The suffix array is arguably one of the most important data structures in sequence analysis and consequently there is a multitude of suffix sorting algorithms. However, to this date the GSACA algorithm introduced in 2015 is the only known non-recursive linear-time suffix array construction algorithm (SACA). Despite its interesting theoretical properties, there has been little effort in improving GSACA’s non-competitive real-world performance. There is a super-linear algorithm DSH which relies on the same sorting principle and is faster than DivSufSort, the fastest SACA for over a decade. The purpose of this paper is twofold: We analyse the sorting principle used in GSACA and DSH and exploit its properties in order to give an optimised linear-time algorithm, and we show that it can be very elegantly used to compute both the original extended Burrows-Wheeler transform (\(\mathsf {eBWT} \)) and a bijective version of the Burrows-Wheeler transform (\(\mathsf {BBWT} \)) in linear time. We call the algorithm “generic” since it can be used to compute the regular suffix array and the variants used for the \(\mathsf {BBWT} \) and \(\mathsf {eBWT} \).
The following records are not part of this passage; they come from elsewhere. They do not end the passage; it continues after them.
lemma cut_rank_Un_le:
  assumes G: "is_graph n E" "rank_connected r n E"
    and A: "A \<subseteq> {1..n}" "cut_rank n E A \<le> r" and B: "B \<subseteq> {1..n}" "cut_rank n E B \<le> r"
    and "r \<le> card (A \<inter> B)"
  shows "cut_rank n E (A \<union> B) \<le> r"
proof (cases "r \<le> cut_rank n E (A \<inter> B)")
  case True
  then show ?thesis using cut_rank_submodular[OF A(1) B(1), of E] A(2) B(2) by linarith
next
  case False
  moreover have "A \<inter> B \<subseteq> {1..n}" using A(1) by blast
  ultimately have "trivial_split n E (A \<inter> B)"
    using G(2) unfolding rank_connected_def by (meson not_le order_refl)
  then have "cut_rank n E (A \<inter> B) = card ({1..n} - (A \<inter> B))"
    using False \<open>r \<le> card (A \<inter> B)\<close> unfolding trivial_split_def by linarith
  moreover have "card ({1..n} - (A \<union> B)) \<le> card ({1..n} - (A \<inter> B))"
    by (rule card_mono) auto
  moreover have "cut_rank n E (A \<union> B) \<le> card ({1..n} - (A \<union> B))"
    using A(1) B(1) by (intro cut_rank_le_card_compl G(1)) blast
  ultimately show ?thesis using False by linarith
qed

lemma splits_hypergraph_in_K_class:
  assumes "is_graph n E" "rank_connected r n E"
  shows "splits_hypergraph r n E \<in> K_class r n"
  unfolding K_class_def
proof (intro CollectI conjI allI ballI impI)
  show "splits_hypergraph r n E \<subseteq> Pow {1..n}"
    unfolding splits_hypergraph_def by blast
  show "X \<in> splits_hypergraph r n E" if "X \<subseteq> {1..n}" "card X \<le> r" for X
    using cut_rank_le_card[OF that(1), of E] that unfolding splits_hypergraph_def by simp
  show "{1..n} - A \<in> splits_hypergraph r n E" if "A \<in> splits_hypergraph r n E" for A
    using that cut_rank_compl[OF assms(1)] unfolding splits_hypergraph_def by auto
  show "A \<union> B \<in> splits_hypergraph r n E"
    if "A \<in> splits_hypergraph r n E" "B \<in> splits_hypergraph r n E" "r \<le> card (A \<inter> B)" for A B
    using that cut_rank_Un_le[OF assms] unfolding splits_hypergraph_def by auto
qed

section \<open>Generating the members of K_r(n)\<close>

lemma K_class_mem_subset: "F \<in> K_class r n \<Longrightarrow> X \<in> F \<Longrightarrow> X \<subseteq> {1..n}"
  unfolding K_class_def by blast

lemma K_class_small: "F \<in> K_class r n \<Longrightarrow> X \<subseteq> {1..n} \<Longrightarrow> card X \<le> r \<Longrightarrow> X \<in> F"
  unfolding K_class_def by blast

lemma K_class_compl: "F \<in> K_class r n \<Longrightarrow> X \<in> F \<Longrightarrow> {1..n} - X \<in> F"
  unfolding K_class_def by blast

lemma K_class_Un: "F \<in> K_class r n \<Longrightarrow> A \<in> F \<Longrightarrow> B \<in> F \<Longrightarrow> r \<le> card (A \<inter> B) \<Longrightarrow> A \<union> B \<in> F"
  unfolding K_class_def by blast

lemma K_class_Int:
  assumes F: "F \<in> K_class r n" and "A \<in> F" "B \<in> F" "r \<le> card ({1..n} - (A \<union> B))"
  shows "A \<inter> B \<in> F"
proof -
  have "({1..n} - A) \<inter> ({1..n} - B) = {1..n} - (A \<union> B)" by blast
  then have "({1..n} - A) \<union> ({1..n} - B) \<in> F"
    using assms by (intro K_class_Un[OF F] K_class_compl[OF F]) simp_all
  then have "{1..n} - (({1..n} - A) \<union> ({1..n} - B)) \<in> F" by (rule K_class_compl[OF F])
  moreover have "{1..n} - (({1..n} - A) \<union> ({1..n} - B)) = A \<inter> B"
    using K_class_mem_subset[OF F] assms(2,3) by blast
  ultimately show ?thesis by simp
qed

lemma K_class_Union:
  assumes F: "F \<in> K_class r n" and "finite \<Y>" "\<Y> \<noteq> {}" "\<Y> \<subseteq> F"
    and common: "\<And>Y. Y \<in> \<Y> \<Longrightarrow> S \<subseteq> Y" and "r \<le> card S"
  shows "\<Union>\<Y> \<in> F"
  using assms(2-4) common
proof (induction \<Y> rule: finite_ne_induct)
  case (singleton Y)
  then show ?case by simp
next
  case (insert A \<Y>)
  then have "A \<in> F" "\<Union>\<Y> \<in> F" "S \<subseteq> A \<inter> \<Union>\<Y>" by auto
  moreover have "finite (A \<inter> \<Union>\<Y>)"
    using K_class_mem_subset[OF F \<open>A \<in> F\<close>] by (meson finite_Int finite_atLeastAtMost finite_subset)
  ultimately have "r \<le> card (A \<inter> \<Union>\<Y>)"
    using \<open>r \<le> card S\<close> card_mono le_trans by blast
  then show ?case using K_class_Un[OF F \<open>A \<in> F\<close> \<open>\<Union>\<Y> \<in> F\<close>] by simp
qed

definition minimal_superset :: "'a set set \<Rightarrow> 'a set \<Rightarrow> 'a set \<Rightarrow> bool" where
  "minimal_superset F R X \<longleftrightarrow> R \<subseteq> X \<and> (\<forall>Y\<in>F. R \<subseteq> Y \<and> Y \<subseteq> X \<longrightarrow> Y = X)"

lemma Union_proper_subsets_if_not_minimal_superset:
  assumes "finite X" "r < card X"
    and not_minimal: "\<nexists>R. card R = Suc r \<and> minimal_superset F R X"
  obtains S \<Y> where "card S = r" "finite \<Y>" "\<Y> \<noteq> {}" "\<Y> \<subseteq> F"
    "\<And>Y. Y \<in> \<Y> \<Longrightarrow> S \<subseteq> Y \<and> Y \<subset> X" "\<Union>\<Y> = X"
proof -
  obtain S where S: "S \<subseteq> X" "card S = r"
    using obtain_subset_with_card_n[of r X] assms(2) by auto
  have "\<exists>Y\<in>F. insert v S \<subseteq> Y \<and> Y \<subset> X" if "v \<in> X - S" for v
  proof -
    have "card (insert v S) = Suc r"
      using that S assms(1) finite_subset by (metis DiffE card_insert_disjoint)
    then have "\<not> minimal_superset F (insert v S) X" using not_minimal by blast
    moreover have "insert v S \<subseteq> X" using that S by blast
    ultimately show ?thesis unfolding minimal_superset_def by auto
  qed
  then have "\<forall>v\<in>X - S. \<exists>Y. Y \<in> F \<and> insert v S \<subseteq> Y \<and> Y \<subset> X" by blast
  then obtain Yf where Yf: "\<forall>v\<in>X - S. Yf v \<in> F \<and> insert v S \<subseteq> Yf v \<and> Yf v \<subset> X"
    by (rule bchoice[THEN exE])
  have "S \<noteq> X" using S(2) assms(2) by auto
  then have "X - S \<noteq> {}" using S(1) by blast
  moreover have "\<Union>(Yf ` (X - S)) = X"
  proof
    show "\<Union>(Yf ` (X - S)) \<subseteq> X" using Yf by blast
    show "X \<subseteq> \<Union>(Yf ` (X - S))"
    proof
      fix x assume "x \<in> X"
      obtain v where "v \<in> X - S" using \<open>X - S \<noteq> {}\<close> by blast
      then show "x \<in> \<Union>(Yf ` (X - S))"
        using Yf \<open>x \<in> X\<close> by (cases "x \<in> S") blast+
    qed
  qed
  ultimately show ?thesis
    using that[of S "Yf ` (X - S)"] S(2) Yf assms(1) by blast
qed

definition K_generators :: "nat \<Rightarrow> nat \<Rightarrow> nat set set \<Rightarrow> nat set set" where
  "K_generators r n F =
     {X \<in> F. 2 * card X \<le> n \<and> (\<exists>R. card R = Suc r \<and> minimal_superset F R X)}"

lemma minimal_superset_unique:
  assumes F: "F \<in> K_class r n" and X: "X1 \<in> F" "X2 \<in> F" "2 * card X1 \<le> n" "2 * card X2 \<le> n"
    and R: "card R = Suc r" "minimal_superset F R X1" "minimal_superset F R X2"
  shows "X1 = X2"
proof -
  have sub: "X1 \<subseteq> {1..n}" "X2 \<subseteq> {1..n}" using K_class_mem_subset[OF F] X(1,2) by blast+
  then have fin: "finite X1" "finite X2" using finite_subset by blast+
  have "R \<subseteq> X1 \<inter> X2" using R(2,3) unfolding minimal_superset_def by blast
  then have "Suc r \<le> card (X1 \<inter> X2)" using R(1) fin by (metis card_mono finite_Int)
  moreover have "card (X1 \<union> X2) + card (X1 \<inter> X2) = card X1 + card X2"
    using card_Un_Int[OF fin] by simp
  moreover have "card ({1..n} - (X1 \<union> X2)) = n - card (X1 \<union> X2)"
    using sub by (subst card_Diff_subset) (auto intro: finite_subset)
  ultimately have "r \<le> card ({1..n} - (X1 \<union> X2))" using X(3,4) by linarith
  then have "X1 \<inter> X2 \<in> F" using K_class_Int[OF F X(1,2)] by blast
  then show ?thesis
    using \<open>R \<subseteq> X1 \<inter> X2\<close> R(2,3) unfolding minimal_superset_def by blast
qed

lemma binomial_le_power: "n choose k \<le> n ^ k"
proof -
  have "n choose k \<le> (n choose k) * fact k"
    using mult_le_mono2[OF fact_ge_1, of "n choose k" k] by simp
  also have "\<dots> \<le> n ^ k" by (rule binomial_fact_pow)
  finally show ?thesis .
qed

lemma card_K_generators_le:
  assumes F: "F \<in> K_class r n"
  shows "card (K_generators r n F) \<le> n choose Suc r"
proof -
  have "\<forall>X\<in>K_generators r n F. \<exists>R. card R = Suc r \<and> minimal_superset F R X"
    unfolding K_generators_def by blast
  then obtain f where f: "\<forall>X\<in>K_generators r n F. card (f X) = Suc r \<and> minimal_superset F (f X) X"
    by (rule bchoice[THEN exE])
  have "inj_on f (K_generators r n F)"
  proof (rule inj_onI)
    fix X1 X2
    assume X: "X1 \<in> K_generators r n F" "X2 \<in> K_generators r n F" and "f X1 = f X2"
    then have R: "card (f X1) = Suc r" "minimal_superset F (f X1) X1" "minimal_superset F (f X1) X2"
      using f by metis+
    have "X1 \<in> F" "X2 \<in> F" "2 * card X1 \<le> n" "2 * card X2 \<le> n"
      using X unfolding K_generators_def by blast+
    then show "X1 = X2" by (rule minimal_superset_unique[OF F _ _ _ _ R])
  qed
  moreover have "f X \<in> {R. R \<subseteq> {1..n} \<and> card R = Suc r}" if "X \<in> K_generators r n F" for X
  proof -
    have "f X \<subseteq> X" "card (f X) = Suc r" using f that unfolding minimal_superset_def by auto
    moreover have "X \<subseteq> {1..n}" using that K_class_mem_subset[OF F] unfolding K_generators_def by blast
    ultimately show ?thesis by blast
  qed
  then have "f ` K_generators r n F \<subseteq> {R. R \<subseteq> {1..n} \<and> card R = Suc r}" by blast
  ultimately have "card (K_generators r n F) \<le> card {R. R \<subseteq> {1..n} \<and> card R = Suc r}"
    by (intro card_inj_on_le) simp_all
  also have "\<dots> = n choose Suc r" using n_subsets[of "{1..n}" "Suc r"] by simp
  finally show ?thesis .
qed

lemma K_class_subset_if_generators_subset:
  assumes F: "F \<in> K_class r n" and K: "K \<in> K_class r n" and gen: "K_generators r n F \<subseteq> K"
  shows "F \<subseteq> K"
proof
  fix X assume "X \<in> F"
  then show "X \<in> K"
  proof (induction "card X" arbitrary: X rule: less_induct)
    case less
    have X: "X \<subseteq> {1..n}" "finite X" using K_class_mem_subset[OF F less.prems] finite_subset by auto
    consider "card X \<le> r" | "n < 2 * card X" | "X \<in> K_generators r n F"
      | "r < card X" "\<nexists>R. card R = Suc r \<and> minimal_superset F R X"
      using less.prems unfolding K_generators_def by force
    then show ?case
    proof cases
      case 1
      then show ?thesis using K_class_small[OF K X(1)] by simp
    next
      case 2
      have "card ({1..n} - X) < card X" using card_Diff_subset[OF X(2,1)] 2 by simp
      then have "{1..n} - X \<in> K" using less.hyps K_class_compl[OF F less.prems] by blast
      then have "{1..n} - ({1..n} - X) \<in> K" by (rule K_class_compl[OF K])
      then show ?thesis using X(1) by (simp add: double_diff)
    next
      case 3
      then show ?thesis using gen by blast
    next
      case 4
      obtain S \<Y> where S: "card S = r" and \<Y>: "finite \<Y>" "\<Y> \<noteq> {}" "\<Y> \<subseteq> F"
          and proper: "\<And>Y. Y \<in> \<Y> \<Longrightarrow> S \<subseteq> Y \<and> Y \<subset> X" and X_eq: "\<Union>\<Y> = X"
        using Union_proper_subsets_if_not_minimal_superset[OF X(2) 4] by blast
      have "\<Y> \<subseteq> K"
      proof
        fix Y assume "Y \<in> \<Y>"
        then have "card Y < card X" using proper X(2) psubset_card_mono by blast
        then show "Y \<in> K" using less.hyps \<open>Y \<in> \<Y>\<close> \<Y>(3) by blast
      qed
      then have "\<Union>\<Y> \<in> K"
        by (rule K_class_Union[OF K \<Y>(1,2), where S = S]) (use proper S in auto)
      then show ?thesis using X_eq by simp
    qed
  qed
qed

lemma cl_K_generators:
  assumes F: "F \<in> K_class r n"
  shows "cl r n (K_generators r n F) = F"
proof
  show "cl r n (K_generators r n F) \<subseteq> F"
    unfolding cl_def using F by (intro Inter_lower) (auto simp: K_generators_def)
  show "F \<subseteq> cl r n (K_generators r n F)"
    unfolding cl_def using K_class_subset_if_generators_subset[OF F] by blast
qed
Our suffix array construction algorithm is not only significantly faster than GSACA but also outperforms DivSufSort and DSH. Our \(\mathsf {BBWT} \)-algorithm is faster than or competitive with all other tested \(\mathsf {BBWT} \) construction implementations on large or repetitive data, and our \(\mathsf {eBWT} \)-algorithm is faster than all other programs on data that is not extremely repetitive.

查看原文本刊更多论文

通用非递归后缀数组结构

后缀数组可以说是序列分析中最重要的数据结构之一，因此后缀排序算法也层出不穷。然而，迄今为止，2015 年推出的 GSACA 算法是唯一已知的非递归线性时间后缀数组构造算法（SACA）。尽管 GSACA 具有有趣的理论特性，但在提高其非竞争性的实际性能方面却鲜有建树。有一种超线性算法 DSH 基于相同的排序原理，比十多年来速度最快的 SACA DivSufSort 更快。本文的目的有两个：我们分析了GSACA和DSH中使用的排序原理，并利用它的特性给出了一个优化的线性时间算法，我们还证明了它可以非常优雅地用于在线性时间内计算原始的扩展Burrows-Wheeler变换（\(\mathsf {eBWT} \)）和Burrows-Wheeler变换的双射版本（\(\mathsf {BBWT} \)）。我们称这种算法为 "通用 "算法，因为它可以用来计算常规后缀数组，以及用于\(\mathsf {BBWT} \)和\(\mathsf {eBWT} \)的变体。我们的后缀数组构建算法不仅明显快于 GSACA，而且优于 DivSufSort 和 DSH。在大型或重复数据上，我们的（\mathsf {BBWT} \）算法比其他所有测试过的（\mathsf {BBWT} \）构造实现都要快，或者说具有竞争力，而在非（\mathsf {eBWT} \）重复数据上，我们的（\mathsf {eBWT} \）算法比其他所有程序都要快。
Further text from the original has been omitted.